The Teradata Jupyter Docker image can be used when you want to run Jupyter locally or you have a place where you can run custom Jupyter docker images. The steps below demonstrate how to use the image locally.

Run the image:

By passing -e "accept_license=Y you accept the license agreement for Teradata Jupyter Extensions.

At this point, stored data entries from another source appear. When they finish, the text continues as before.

(* Let $(D,v^* )$ be a neighbor-acyclic instance of TFP (so $|V(D)|$ is a power of two) such that $D$ has no source. Let $A=N_{\mathrm{out}}(v^* )$ and $B=N_{\mathrm{in}}(v^* )$. If (1) $|A|\ge |V(D)|/3$ and (2) for every $b\in B$, $\mathrm{out}(b)\le \frac{|B|}{|A|}\,\mathrm{out}(v^* )$ (equivalently $\mathrm{out}(b)\le |B|$), then $(D,v^* )$ is a yes-instance.
   Context: A tournament is a digraph with exactly one arc between every pair of distinct vertices; $(u,v)$ means $u$ beats $v$. TFP: given a tournament $D$ with $|V(D)|$ a power of two and a player $v^*$, decide whether there is a seeding of a balanced knockout tournament (complete binary tree with $|V(D)|$ leaves, in each round sibling winners play and the winner according to $D$ advances) under which $v^*$ is the champion; if so the instance is a yes-instance. $\mathrm{out}(v)=|N_{\mathrm{out}}(v)|$ is the out-degree in $D$. An instance $(D,v^* )$ is neighbor-acyclic if $D[N_{\mathrm{in}}(v^* )]$ and $D[N_{\mathrm{out}}(v^* )]$ are both acyclic. A source is a vertex of in-degree $0$. *)

theory Defs
  imports Complex_Main
begin

definition tournament :: "'a set \<Rightarrow> ('a \<Rightarrow> 'a \<Rightarrow> bool) \<Rightarrow> bool" where
  "tournament V beats \<longleftrightarrow> finite V \<and>
     (\<forall>u\<in>V. \<not> beats u u) \<and>
     (\<forall>u\<in>V. \<forall>v\<in>V. u \<noteq> v \<longrightarrow> (beats u v \<longleftrightarrow> \<not> beats v u))"

definition out_nbrs :: "'a set \<Rightarrow> ('a \<Rightarrow> 'a \<Rightarrow> bool) \<Rightarrow> 'a \<Rightarrow> 'a set" where
  "out_nbrs V beats v = {u \<in> V. beats v u}"

definition in_nbrs :: "'a set \<Rightarrow> ('a \<Rightarrow> 'a \<Rightarrow> bool) \<Rightarrow> 'a \<Rightarrow> 'a set" where
  "in_nbrs V beats v = {u \<in> V. beats u v}"

definition out_deg :: "'a set \<Rightarrow> ('a \<Rightarrow> 'a \<Rightarrow> bool) \<Rightarrow> 'a \<Rightarrow> nat" where
  "out_deg V beats v = card (out_nbrs V beats v)"

definition induced_arcs :: "('a \<Rightarrow> 'a \<Rightarrow> bool) \<Rightarrow> 'a set \<Rightarrow> ('a \<times> 'a) set" where
  "induced_arcs beats S = {(u, w). u \<in> S \<and> w \<in> S \<and> beats u w}"

definition neighbor_acyclic :: "'a set \<Rightarrow> ('a \<Rightarrow> 'a \<Rightarrow> bool) \<Rightarrow> 'a \<Rightarrow> bool" where
  "neighbor_acyclic V beats v \<longleftrightarrow>
     acyclic (induced_arcs beats (in_nbrs V beats v)) \<and>
     acyclic (induced_arcs beats (out_nbrs V beats v))"

definition is_source :: "'a set \<Rightarrow> ('a \<Rightarrow> 'a \<Rightarrow> bool) \<Rightarrow> 'a \<Rightarrow> bool" where
  "is_source V beats v \<longleftrightarrow> in_nbrs V beats v = {}"

text \<open>Winner of a balanced knockout tournament with 2^k leaves, seeded by the list xs
  (leaves left to right); in each round sibling winners play, the winner per beats advances.\<close>
fun ko_winner :: "('a \<Rightarrow> 'a \<Rightarrow> bool) \<Rightarrow> nat \<Rightarrow> 'a list \<Rightarrow> 'a" where
  "ko_winner beats 0 xs = hd xs"
| "ko_winner beats (Suc k) xs =
     (let a = ko_winner beats k (take (2 ^ k) xs);
          b = ko_winner beats k (drop (2 ^ k) xs)
      in if beats a b then a else b)"

definition yes_instance :: "'a set \<Rightarrow> ('a \<Rightarrow> 'a \<Rightarrow> bool) \<Rightarrow> 'a \<Rightarrow> bool" where
  "yes_instance V beats v \<longleftrightarrow>
     (\<exists>k xs. distinct xs \<and> set xs = V \<and> length xs = 2 ^ k \<and> ko_winner beats k xs = v)"

end

theory Submission
  imports Defs
begin
(* Let $k\in\mathbb{N}_0\cup\{\infty\}$, let $E,F$ be locally convex super vector spaces, $\mathcal{U}\subseteq\overline{E}^{(k)}$ an open subfunctor and $f\colon\mathcal{U}\to\overline{F}^{(k)}$ a natural transformation such that each $f_\Lambda$ is smooth. For $\Lambda\in\mathbf{Gr}^{(k)}$, $x\in\mathcal{U}_{\mathbb{R}}$, $n_0\in E_0\otimes\Lambda^+_{\bar 0}$ and $n_1\in E_1\otimes\Lambda_{\bar1}$, we have $x+n_0+n_1\in\mathcal{U}_\Lambda$ and $$f_\Lambda(x+n_0+n_1)=\sum_{m,l=0}^\infty\frac{1}{m!\,l!}d^{m+l}f_\Lambda(x)(\underbrace{n_0,\dots,n_0}_{m},\underbrace{n_1,\dots,n_1}_{l})=\sum_{i=0}^\infty\frac1{i!}d^if_\Lambda(x)(n_0+n_1,\dots,n_0+n_1),$$ where the sums have only finitely many nonzero terms.
   Context: Grassmann algebras $\Lambda_n=\mathbb{R}[\lambda_1..\lambda_n]$ with anticommuting generators; $\Lambda_{\bar0}$, $\Lambda_{\bar1}$ spanned by the monomials $\lambda_I$ with $|I|$ even resp. odd; $\Lambda^+$ is the ideal spanned by $\lambda_I$, $I\neq\emptyset$, and $\Lambda^+_{\bar0}=\Lambda^+\cap\Lambda_{\bar0}$. $\mathbf{Gr}^{(k)}$: category of $\Lambda_0,\dots,\Lambda_k$ with parity-preserving unital homomorphisms. For a locally convex super vector space $E=E_0\oplus E_1$: $\overline{E}^{(k)}_\Lambda=(E_0\otimes\Lambda_{\bar0})\oplus(E_1\otimes\Lambda_{\bar1})$ (product topology), functorial via $\mathrm{id}\otimes\varrho$, with $\overline{E}_{\mathbb{R}}=E_0\subseteq\overline{E}_\Lambda$. An open subfunctor $\mathcal{U}$: open sets $\mathcal{U}_\Lambda\subseteq\overline{E}^{(k)}_\Lambda$ stable under all $\overline{E}^{(k)}_\varrho$. Smoothness in the sense of Bastiani. *)

theory Defs
  imports Complex_Main "HOL-Library.Extended_Nat"
begin

definition seminorm_on :: "('a::real_vector \<Rightarrow> real) \<Rightarrow> bool" where
  "seminorm_on p \<longleftrightarrow> (\<forall>x. 0 \<le> p x) \<and> (\<forall>x y. p (x + y) \<le> p x + p y)
     \<and> (\<forall>c x. p (c *\<^sub>R x) = \<bar>c\<bar> * p x)"

definition lc_space :: "('a::real_vector \<Rightarrow> real) set \<Rightarrow> bool" where
  "lc_space S \<longleftrightarrow> (\<forall>p\<in>S. seminorm_on p) \<and> (\<forall>x. (\<forall>p\<in>S. p x = 0) \<longrightarrow> x = 0)"

section \<open>Grassmann algebras Lambda_n (generators indexed 0..n-1)\<close>

type_synonym grass = "nat set \<Rightarrow> real"

definition grass :: "nat \<Rightarrow> grass set" where
  "grass n = {a. \<forall>I. a I \<noteq> 0 \<longrightarrow> I \<subseteq> {..<n}}"

definition gbasis :: "nat set \<Rightarrow> grass" where
  "gbasis I = (\<lambda>K. if K = I then 1 else 0)"

definition gsign :: "nat set \<Rightarrow> nat set \<Rightarrow> real" where
  "gsign I J = (-1) ^ card {(i, j). i \<in> I \<and> j \<in> J \<and> j < i}"

definition gmult :: "grass \<Rightarrow> grass \<Rightarrow> grass" where
  "gmult a b = (\<lambda>K. \<Sum>I\<in>Pow K. gsign I (K - I) * a I * b (K - I))"

definition gr_even :: "nat \<Rightarrow> grass set" where
  "gr_even n = {a \<in> grass n. \<forall>I. a I \<noteq> 0 \<longrightarrow> even (card I)}"

definition gr_odd :: "nat \<Rightarrow> grass set" where
  "gr_odd n = {a \<in> grass n. \<forall>I. a I \<noteq> 0 \<longrightarrow> odd (card I)}"

definition gr_hom :: "nat \<Rightarrow> nat \<Rightarrow> (grass \<Rightarrow> grass) \<Rightarrow> bool" where
  "gr_hom n m \<rho> \<longleftrightarrow>
     (\<forall>a\<in>grass n. \<rho> a \<in> grass m)
   \<and> (\<forall>a\<in>grass n. \<forall>b\<in>grass n. \<rho> (\<lambda>I. a I + b I) = (\<lambda>I. \<rho> a I + \<rho> b I))
   \<and> (\<forall>c. \<forall>a\<in>grass n. \<rho> (\<lambda>I. c * a I) = (\<lambda>I. c * \<rho> a I))
   \<and> \<rho> (gbasis {}) = gbasis {}
   \<and> (\<forall>a\<in>grass n. \<forall>b\<in>grass n. \<rho> (gmult a b) = gmult (\<rho> a) (\<rho> b))
   \<and> \<rho> ` gr_even n \<subseteq> gr_even m
   \<and> \<rho> ` gr_odd n \<subseteq> gr_odd m"

section \<open>The functor bar E: (E_0 tensor Lambda_even) + (E_1 tensor Lambda_odd)\<close>

text \<open>An element of E tensor Lambda_n is represented by its coefficient functions
  I \<mapsto> e_I (I a subset of {0..<n}); E = E_0 \<oplus> E_1 with E_0, E_1 given as types.\<close>
type_synonym ('a, 'b) sv = "(nat set \<Rightarrow> 'a) \<times> (nat set \<Rightarrow> 'b)"

definition sv_add :: "('a::real_vector, 'b::real_vector) sv \<Rightarrow> ('a, 'b) sv \<Rightarrow> ('a, 'b) sv" where
  "sv_add x y = (\<lambda>I. fst x I + fst y I, \<lambda>I. snd x I + snd y I)"

definition sv_diff :: "('a::real_vector, 'b::real_vector) sv \<Rightarrow> ('a, 'b) sv \<Rightarrow> ('a, 'b) sv" where
  "sv_diff x y = (\<lambda>I. fst x I - fst y I, \<lambda>I. snd x I - snd y I)"

definition sv_scale :: "real \<Rightarrow> ('a::real_vector, 'b::real_vector) sv \<Rightarrow> ('a, 'b) sv" where
  "sv_scale c x = (\<lambda>I. c *\<^sub>R fst x I, \<lambda>I. c *\<^sub>R snd x I)"

definition sv_zero :: "('a::real_vector, 'b::real_vector) sv" where
  "sv_zero = (\<lambda>I. 0, \<lambda>I. 0)"

definition sv_sum :: "('i \<Rightarrow> ('a::real_vector, 'b::real_vector) sv) \<Rightarrow> 'i set \<Rightarrow> ('a, 'b) sv" where
  "sv_sum g A = (\<lambda>I. \<Sum>i\<in>A. fst (g i) I, \<lambda>I. \<Sum>i\<in>A. snd (g i) I)"

definition bar_space :: "nat \<Rightarrow> ('a::real_vector, 'b::real_vector) sv set" where
  "bar_space n = {x. (\<forall>I. fst x I \<noteq> 0 \<longrightarrow> I \<subseteq> {..<n} \<and> even (card I))
                   \<and> (\<forall>I. snd x I \<noteq> 0 \<longrightarrow> I \<subseteq> {..<n} \<and> odd (card I))}"

text \<open>E_0 tensor Lambda^+_even and E_1 tensor Lambda_odd inside bar E_Lambda_n.\<close>
definition even_plus_part :: "nat \<Rightarrow> ('a::real_vector, 'b::real_vector) sv set" where
  "even_plus_part n = {x \<in> bar_space n. fst x {} = 0 \<and> snd x = (\<lambda>I. 0)}"

definition odd_part :: "nat \<Rightarrow> ('a::real_vector, 'b::real_vector) sv set" where
  "odd_part n = {x \<in> bar_space n. fst x = (\<lambda>I. 0)}"

definition bar_map :: "nat \<Rightarrow> (grass \<Rightarrow> grass) \<Rightarrow> ('a::real_vector, 'b::real_vector) sv \<Rightarrow> ('a, 'b) sv" where
  "bar_map n \<rho> x = (\<lambda>J. \<Sum>I\<in>Pow {..<n}. \<rho> (gbasis I) J *\<^sub>R fst x I,
                    \<lambda>J. \<Sum>I\<in>Pow {..<n}. \<rho> (gbasis I) J *\<^sub>R snd x I)"

text \<open>Product topology on bar E_Lambda, given by the seminorms x \<mapsto> p(x_I).\<close>
definition sv_seminorms :: "('a::real_vector \<Rightarrow> real) set \<Rightarrow> ('b::real_vector \<Rightarrow> real) set
    \<Rightarrow> (('a, 'b) sv \<Rightarrow> real) set" where
  "sv_seminorms SA SB = {(\<lambda>x. p (fst x I)) | p I. p \<in> SA} \<union> {(\<lambda>x. q (snd x I)) | q I. q \<in> SB}"

definition sv_open :: "('a::real_vector \<Rightarrow> real) set \<Rightarrow> ('b::real_vector \<Rightarrow> real) set \<Rightarrow> nat
    \<Rightarrow> ('a, 'b) sv set \<Rightarrow> bool" where
  "sv_open SA SB n U \<longleftrightarrow> U \<subseteq> bar_space n \<and>
     (\<forall>x\<in>U. \<exists>P \<epsilon>. finite P \<and> P \<subseteq> sv_seminorms SA SB \<and> \<epsilon> > 0 \<and>
        {y \<in> bar_space n. \<forall>p\<in>P. p (sv_diff y x) < \<epsilon>} \<subseteq> U)"

definition sv_lim0 :: "('a::real_vector \<Rightarrow> real) set \<Rightarrow> ('b::real_vector \<Rightarrow> real) set
    \<Rightarrow> (real \<Rightarrow> ('a, 'b) sv) \<Rightarrow> ('a, 'b) sv \<Rightarrow> bool" where
  "sv_lim0 SC SD g w \<longleftrightarrow> (\<forall>q\<in>sv_seminorms SC SD. \<forall>\<epsilon>>0. \<exists>\<delta>>0. \<forall>t.
       t \<noteq> 0 \<and> \<bar>t\<bar> < \<delta> \<longrightarrow> q (sv_diff (g t) w) < \<epsilon>)"

definition diff_quot :: "(('a::real_vector, 'b::real_vector) sv \<Rightarrow> ('c::real_vector, 'd::real_vector) sv)
    \<Rightarrow> ('a, 'b) sv \<Rightarrow> ('a, 'b) sv \<Rightarrow> real \<Rightarrow> ('c, 'd) sv" where
  "diff_quot f x h t = sv_scale (1 / t) (sv_diff (f (sv_add x (sv_scale t h))) (f x))"

definition dir_deriv :: "('c::real_vector \<Rightarrow> real) set \<Rightarrow> ('d::real_vector \<Rightarrow> real) set
    \<Rightarrow> (('a::real_vector, 'b::real_vector) sv \<Rightarrow> ('c, 'd) sv) \<Rightarrow> ('a, 'b) sv \<Rightarrow> ('a, 'b) sv \<Rightarrow> ('c, 'd) sv" where
  "dir_deriv SC SD f x h = (THE w. sv_lim0 SC SD (diff_quot f x h) w)"

primrec diff_iter :: "('c::real_vector \<Rightarrow> real) set \<Rightarrow> ('d::real_vector \<Rightarrow> real) set
    \<Rightarrow> (('a::real_vector, 'b::real_vector) sv \<Rightarrow> ('c, 'd) sv) \<Rightarrow> ('a, 'b) sv \<Rightarrow> ('a, 'b) sv list \<Rightarrow> ('c, 'd) sv" where
  "diff_iter SC SD f x [] = f x"
| "diff_iter SC SD f x (h # hs) = dir_deriv SC SD (\<lambda>y. diff_iter SC SD f y hs) x h"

docker volume create notebooks
docker run -e "accept_license=Y" -p :8888:8888 \
  -v notebooks:/home/jovyan/JupyterLabRoot \
  teradata/jupyterlab-extensions

Docker logs will display the url that you need to go to. For example, this is what I’ve got:

Starting JupyterLab ...
Docker Build ID = 3.2.0-ec02012022
Using unencrypted HTTP

Enter this URL in your browser:  http://localhost:8888?token=96a3ab874a03779c400966bf492fe270c2221cdcc74b61ed

* Or enter this token when prompted by Jupyter: 96a3ab874a03779c400966bf492fe270c2221cdcc74b61ed
* If you used a different port to run your Docker, replace 8888 with your port number

Open up the URL and use the file explorer to open the following notebook: jupyterextensions → notebooks → sql → GettingStartedDemo.ipynb.
Go through the demo of the Teradata SQL Kernel:

Summary

This quick start covered different options to connect to Teradata Vantage from a Jupyter Notebook. We learned about the Teradata Jupyter Docker image that bundles multiple Teradata Python and R libraries. It also provides an SQL kernel, database object explorer and connection management. These features are useful when you spend a lot of time with the SQL interface. For more traditional data science scenarios, we explored the standalone Teradata Python driver and integration through the ipython sql extension.